(Problem to work on)
Show, from the entries below, every line in which "that" appears.

(Information provided)

(* The substance is that D is open. A point y of D is steered by some admissible u, inside the
   open set S, into a small ball B(0, rho) from which the controls of A1 keep trajectories in
   B(0, r), a subset of S, and drive them to 0. A Gronwall estimate on a compact tube around the
   trajectory of y shows that all initial points near y follow u inside S into B(0, rho) as well;
   switching there to the A1 control puts them in D. Once D is open, a boundary point of D lies
   outside D, and D being contained in both D_0 and D_s gives the trichotomy. *)

(* norm A is the Frobenius norm of the matrix A. *)
lemma norm_matrix_vector_mult_le:
  fixes A :: "real^'m^'n"
  shows "norm (A *v x) \<le> norm A * norm x"
proof -
  have "(norm (A *v x))\<^sup>2 = (\<Sum>i\<in>UNIV. ((A *v x)$i)\<^sup>2)"
    by (simp add: norm_vec_def L2_set_def sum_nonneg)
  also have "\<dots> \<le> (\<Sum>i\<in>UNIV. (norm (A$i))\<^sup>2 * (norm x)\<^sup>2)"
  proof (rule sum_mono)
    fix i
    have "\<bar>(A *v x)$i\<bar> \<le> norm (A$i) * norm x"
      by (simp add: matrix_vector_mul_component Cauchy_Schwarz_ineq2)
    then show "((A *v x)$i)\<^sup>2 \<le> (norm (A$i))\<^sup>2 * (norm x)\<^sup>2"
      by (metis abs_ge_zero power2_abs power_mono power_mult_distrib)
  qed
  also have "\<dots> = (norm A * norm x)\<^sup>2"
    by (simp add: norm_vec_def L2_set_def sum_distrib_right power_mult_distrib sum_nonneg)
  finally show ?thesis
    by (meson mult_nonneg_nonneg norm_ge_zero power2_le_imp_le)
qed

lemma AE_lborel_iff_negligible:
  "(AE x in lborel. P x) \<longleftrightarrow> (\<exists>N. negligible N \<and> {x. \<not> P x} \<subseteq> N)"
  by (metis AE_completion_iff eventually_ae_filter_negligible)

lemma integral_norm_bound_integral_ae:
  fixes f :: "'n::euclidean_space \<Rightarrow> 'a::banach"
  assumes f: "f integrable_on S" and g: "g integrable_on S" and N: "negligible N"
    and le: "\<And>x. x \<in> S \<Longrightarrow> x \<notin> N \<Longrightarrow> norm (f x) \<le> g x"
  shows "norm (integral S f) \<le> integral S g"
proof -
  define f' where "f' x = (if x \<in> N then 0 else f x)" for x
  define g' where "g' x = (if x \<in> N then 0 else g x)" for x
  have "integral S f' = integral S f" "integral S g' = integral S g"
    using N by (auto intro!: integral_spike simp: f'_def g'_def)
  moreover have "norm (integral S f') \<le> integral S g'"
  proof (rule integral_norm_bound_integral)
    show "f' integrable_on S" "g' integrable_on S"
      using f g N by (auto intro: integrable_spike simp: f'_def g'_def)
  qed (use le in \<open>auto simp: f'_def g'_def\<close>)
  ultimately show ?thesis by simp
qed

lemma gronwall_inequality:
  fixes w :: "real \<Rightarrow> real"
  assumes cont: "continuous_on {0..S} w" and C: "C \<ge> 0"
    and le: "\<And>t. t \<in> {0..S} \<Longrightarrow> w t \<le> a + C * integral {0..t} w"
    and t: "t \<in> {0..S}"
  shows "w t \<le> a * exp (C * t)"
proof -
  define V where "V t = integral {0..t} w" for t
  define Q where "Q t = exp (- C * t) * (a + C * V t)" for t
  have dV: "(V has_real_derivative w s) (at s within {0..S})" if "s \<in> {0..S}" for s
    unfolding V_def by (rule integral_has_real_derivative[OF cont that])
  have "continuous_on {0..S} V"
    using dV by (meson DERIV_continuous continuous_at_imp_continuous_on continuous_on_eq_continuous_within)
  then have contQ: "continuous_on {0..t} Q"
    unfolding Q_def using t by (auto intro!: continuous_intros intro: continuous_on_subset)
  have "Q t \<le> Q 0"
  proof (rule DERIV_nonpos_imp_decreasing_open[of 0 t Q])
    fix s assume s: "0 < s" "s < t"
    then have sS: "s \<in> {0..S}" using t by auto
    have "at s within {0..S} = at s"
      using s t by (intro at_within_interior) auto
    then have "(Q has_real_derivative (exp (- C * s) * C * (w s - (a + C * V s)))) (at s)"
      unfolding Q_def using dV[OF sS] by (auto intro!: derivative_eq_intros simp: algebra_simps)
    moreover have "exp (- C * s) * C * (w s - (a + C * V s)) \<le> 0"
      using le[OF sS] C by (simp add: V_def mult_nonneg_nonpos)
    ultimately show "\<exists>y. (Q has_real_derivative y) (at s) \<and> y \<le> 0" by blast
  qed (use t contQ in auto)
  then have "a + C * V t \<le> a * exp (C * t)"
    by (simp add: Q_def V_def exp_minus field_simps)
  then show ?thesis using le[OF t] by (simp add: V_def)
qed

lemma bound_by_continuous_induction:
  fixes \<delta> :: "real \<Rightarrow> real"
  assumes cont: "continuous_on {a..b} \<delta>" and start: "\<delta> a < \<epsilon>"
    and step: "\<And>t. t \<in> {a..b} \<Longrightarrow> \<forall>s\<in>{a..t}. \<delta> s \<le> \<epsilon> \<Longrightarrow> \<delta> t < \<epsilon>"
    and t: "t \<in> {a..b}"
  shows "\<delta> t < \<epsilon>"
proof (rule ccontr)
  define A where "A = {a..b} \<inter> \<delta> -` {\<epsilon>..}"
  assume "\<not> \<delta> t < \<epsilon>"
  then have "t \<in> A" using t by (simp add: A_def)
  moreover have "closed A"
    unfolding A_def by (rule continuous_closed_preimage[OF cont]) auto
  moreover have bdd: "bdd_below A"
    by (rule bdd_belowI[of _ a]) (auto simp: A_def)
  ultimately have first: "Inf A \<in> A"
    by (intro closed_contains_Inf) auto
  have below: "\<delta> s < \<epsilon>" if "s \<in> {a..<Inf A}" for s
    using cInf_lower[OF _ bdd, of s] that first by (force simp: A_def)
  obtain s where "a \<le> s" "s \<le> Inf A" "\<delta> s = \<epsilon>"
    using IVT'[of \<delta> a \<epsilon> "Inf A"] start first continuous_on_subset[OF cont]
    by (force simp: A_def)
  moreover have "\<not> s < Inf A"
    using below[of s] \<open>a \<le> s\<close> \<open>\<delta> s = \<epsilon>\<close> by auto
  ultimately have "\<forall>s\<in>{a..Inf A}. \<delta> s \<le> \<epsilon>"
    using below by (metis atLeastAtMost_iff atLeastLessThan_iff less_eq_real_def order_antisym)
  then have "\<delta> (Inf A) < \<epsilon>"
    using step first by (auto simp: A_def)
  then show False using first by (simp add: A_def)
qed

lemma loc_lipschitz_imp_lipschitz_on_compact:
  fixes F :: "'a::metric_space \<Rightarrow> 'b::real_normed_vector"
  assumes F: "loc_lipschitz F" and K: "compact K"
  obtains L where "L-lipschitz_on K F"
proof -
  (* The library result is about families of maps; use the constant family indexed by {0}. *)
  have "local_lipschitz {0::real} K (\<lambda>_. F)"
  proof (rule local_lipschitzI)
    fix t x
    obtain \<delta> L where "\<delta> > 0" and L: "\<forall>y\<in>cball x \<delta>. \<forall>z\<in>cball x \<delta>. norm (F y - F z) \<le> L * dist y z"
      using F unfolding loc_lipschitz_def by blast
    moreover have "(max L 0)-lipschitz_on (cball x \<delta> \<inter> K) F"
    proof (rule lipschitz_onI)
      fix y z assume "y \<in> cball x \<delta> \<inter> K" "z \<in> cball x \<delta> \<inter> K"
      then have "dist (F y) (F z) \<le> L * dist y z" using L by (simp add: dist_norm)
      also have "\<dots> \<le> max L 0 * dist y z" by (simp add: mult_right_mono)
      finally show "dist (F y) (F z) \<le> max L 0 * dist y z" .
    qed simp
    ultimately show "\<exists>u>0. \<exists>L. \<forall>t\<in>cball t u \<inter> {0::real}. L-lipschitz_on (cball x u \<inter> K) F"
      by blast
  qed
  then obtain L where "\<And>t. t \<in> {0::real} \<Longrightarrow> L-lipschitz_on K F"
    by (rule local_lipschitz_compact_implies_lipschitz[OF _ K]) auto
  then show ?thesis using that by blast
qed

lemma loc_lipschitz_uniform_near_compact:
  fixes F :: "'a::{real_normed_vector,heine_borel} \<Rightarrow> 'b::real_normed_vector"
  assumes F: "loc_lipschitz F" and K: "compact K"
  obtains L where "\<And>q. q \<in> K \<Longrightarrow> L-lipschitz_on (cball q e) F"
proof -
  define K' where "K' = {q + d | q d. q \<in> K \<and> d \<in> cball 0 e}"
  have "compact K'"
    unfolding K'_def using K by (intro compact_sums) auto
  then obtain L where L: "L-lipschitz_on K' F"
    using loc_lipschitz_imp_lipschitz_on_compact[OF F] by blast
  have sub: "cball q e \<subseteq> K'" if "q \<in> K" for q
  proof
    fix y assume "y \<in> cball q e"
    then have "y = q + (y - q) \<and> y - q \<in> cball 0 e" by (simp add: dist_norm norm_minus_commute)
    then show "y \<in> K'" unfolding K'_def using that by blast
  qed
  show ?thesis
    using lipschitz_on_subset[OF L sub] that by blast
qed

lemma is_solution_initial: "is_solution f g x u p \<Longrightarrow> p 0 = x"
  by (simp add: is_solution_def)

lemma is_solution_continuous_on:
  "is_solution f g x u p \<Longrightarrow> S \<subseteq> {0..} \<Longrightarrow> continuous_on S p"
  unfolding is_solution_def by (blast intro: continuous_on_subset)

lemma solution_difference_integral_bound:
  fixes f :: "real^'n \<Rightarrow> real^'n" and g :: "real^'n \<Rightarrow> real^'m^'n"
  assumes sol: "is_solution f g x u p" and sol': "is_solution f g x' u' p'"
    and u_bound: "ess_bounded_by u M" and t: "t \<ge> 0"
    and same_control: "\<forall>s\<in>{0..<t}. u' s = u s"
    and f_lip: "\<And>s. s \<in> {0..t} \<Longrightarrow> Lf-lipschitz_on (cball (p s) e) f"
    and g_lip: "\<And>s. s \<in> {0..t} \<Longrightarrow> Lg-lipschitz_on (cball (p s) e) g"
    and near: "\<forall>s\<in>{0..t}. norm (p' s - p s) \<le> e"
  shows "norm (p' t - p t) \<le> norm (x' - x) + (Lf + Lg * M) * integral {0..t} (\<lambda>s. norm (p' s - p s))"
proof -
  define F where "F s = f (p s) + g (p s) *v u s" for s
  define F' where "F' s = f (p' s) + g (p' s) *v u' s" for s
  have F: "F integrable_on {0..t}" "p t = x + integral {0..t} F"
    and F': "F' integrable_on {0..t}" "p' t = x' + integral {0..t} F'"
    using sol sol' t unfolding is_solution_def F_def F'_def by auto
  obtain N where N: "negligible N" "\<And>s. s \<notin> N \<Longrightarrow> s \<ge> 0 \<Longrightarrow> norm (u s) \<le> M"
    using u_bound unfolding ess_bounded_by_def AE_lborel_iff_negligible by auto
  have "continuous_on {0..t} p" "continuous_on {0..t} p'"
    using sol sol' by (auto intro: is_solution_continuous_on)
  then have int_dist: "(\<lambda>s. (Lf + Lg * M) * norm (p' s - p s)) integrable_on {0..t}"
    by (intro integrable_continuous_real continuous_intros)
  have pointwise: "norm (F' s - F s) \<le> (Lf + Lg * M) * norm (p' s - p s)"
    if s: "s \<in> {0..t}" "s \<notin> N \<union> {t}" for s
  proof -
    have "u' s = u s" "norm (u s) \<le> M"
      using same_control N(2) s by auto
    have s_in: "s \<in> {0..t}" using s by simp
    have ball: "p' s \<in> cball (p s) e" "p s \<in> cball (p s) e"
      using near s by (auto simp: dist_norm norm_minus_commute intro: order_trans[OF norm_ge_zero])
    have lip: "norm (f (p' s) - f (p s)) \<le> Lf * norm (p' s - p s)"
        "norm (g (p' s) - g (p s)) \<le> Lg * norm (p' s - p s)"
      using lipschitz_on_normD[OF f_lip[OF s_in] ball] lipschitz_on_normD[OF g_lip[OF s_in] ball] .
    have "F' s - F s = (f (p' s) - f (p s)) + (g (p' s) - g (p s)) *v u s"
      by (simp add: F_def F'_def \<open>u' s = u s\<close> matrix_vector_mult_diff_rdistrib)
    then have "norm (F' s - F s) \<le> norm (f (p' s) - f (p s)) + norm (g (p' s) - g (p s)) * norm (u s)"
      by (metis norm_matrix_vector_mult_le norm_triangle_le add_left_mono)
    also have "\<dots> \<le> Lf * norm (p' s - p s) + (Lg * norm (p' s - p s)) * M"
      using lip \<open>norm (u s) \<le> M\<close> lipschitz_on_nonneg[OF g_lip[OF s_in]]
      by (intro add_mono mult_mono) auto
    finally show ?thesis by (simp add: algebra_simps)
  qed
  have "p' t - p t = (x' - x) + integral {0..t} (\<lambda>s. F' s - F s)"
    using F F' by (simp add: integral_diff)
  then have "norm (p' t - p t) \<le> norm (x' - x) + norm (integral {0..t} (\<lambda>s. F' s - F s))"
    by (metis norm_triangle_ineq)
  also have "norm (integral {0..t} (\<lambda>s. F' s - F s)) \<le> integral {0..t} (\<lambda>s. (Lf + Lg * M) * norm (p' s - p s))"
    using N(1) by (intro integral_norm_bound_integral_ae[where N = "N \<union> {t}", OF
          integrable_diff[OF F'(1) F(1)] int_dist _ pointwise]) auto
  finally show ?thesis by simp
qed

(Answer section)
(* The substance is that D is open. A point y of D is steered by some admissible u, inside the
   trajectory of y shows that all initial points near y follow u inside S into B(0, rho) as well;
    unfolding V_def by (rule integral_has_real_derivative[OF cont that])
    using cInf_lower[OF _ bdd, of s] that first by (force simp: A_def)
  then show ?thesis using that by blast
    then show "y \<in> K'" unfolding K'_def using that by blast
    using lipschitz_on_subset[OF L sub] that by blast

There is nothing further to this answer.